■ **What is being asked**
Only the lines from the one with "using parallel(1) b" to the end of the records are wanted, each repeated exactly, both ends included.

---- Given information

text \<open>The coefficient vector \<open>w\<close> of an orthogonal circle through \<open>x\<close> and \<open>y\<close> is perpendicular to
  \<open>u\<close> and \<open>v\<close>, hence parallel to \<open>u \<times> v\<close> by the expansion \<open>w \<times> (u \<times> v) = (w \<cdot> v) u - (w \<cdot> u) v\<close>;
  \<open>u \<times> v \<noteq> 0\<close> as \<open>x \<noteq> y\<close> lie in the disk.\<close>
lemma orth_circle_eq_hyperbolic_line:
  assumes x: "cmod x < 1" and y: "cmod y < 1" and "x \<noteq> y"
    and xK: "x \<in> orth_circle A b" and yK: "y \<in> orth_circle A b"
    and proper: "orth_circle A b \<noteq> UNIV"
  shows "orth_circle A b = hyperbolic_line x y"
proof -
  define A0 where "A0 = 2 * Im (cnj x * y)"
  define b0 where "b0 = \<i> * (of_real (1 + (cmod y)\<^sup>2) * x - of_real (1 + (cmod x)\<^sup>2) * y)"
  have b0: "b0 \<noteq> 0"
    unfolding b0_def using eq_if_one_plus_norm_square_mult_eq[OF x y] \<open>x \<noteq> y\<close> by auto
  have Lx: "A * (1 + (Re x)\<^sup>2 + (Im x)\<^sup>2) = 2 * (Re b * Re x + Im b * Im x)"
    using xK by (simp add: mem_orth_circle_iff)
  have Ly: "A * (1 + (Re y)\<^sup>2 + (Im y)\<^sup>2) = 2 * (Re b * Re y + Im b * Im y)"
    using yK by (simp add: mem_orth_circle_iff)
  have parallel: "A * Re b0 = A0 * Re b" "A * Im b0 = A0 * Im b" "Re b * Im b0 = Im b * Re b0"
    unfolding A0_def b0_def using Lx Ly by (simp_all add: cmod_power2) algebra+
  define s where "s = Re (b / b0)"
  have "Im (b / b0) = 0"
    using parallel(3) by (simp add: Im_divide algebra_simps)
  then have "b / b0 = of_real s"
    unfolding s_def by (simp add: complex_eq_iff)
  then have b: "b = of_real s * b0"
    using b0 by (simp add: divide_eq_eq)
  have "A = s * A0"
  proof (cases "Re b0 = 0")
    case True
    then have "Im b0 \<noteq> 0"
      using b0 by (simp add: complex_eq_iff)
    then show ?thesis
      using parallel(2) b by (simp add: algebra_simps)
  next
    case False
    then show ?thesis
      using parallel(1) b by (simp add: algebra_simps)
  qed
  moreover have "s \<noteq> 0"
    using proper b \<open>A = s * A0\<close> orth_circle_zero by auto
  ultimately show ?thesis
    using b orth_circle_scale unfolding hyperbolic_line_def A0_def b0_def by simp
qed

--------

■ **Answer for this exercise**
      using parallel(1) b by (simp add: algebra_simps)
  qed
  moreover have "s \<noteq> 0"
    using proper b \<open>A = s * A0\<close> orth_circle_zero by auto
  ultimately show ?thesis
    using b orth_circle_scale unfolding hyperbolic_line_def A0_def b0_def by simp
qed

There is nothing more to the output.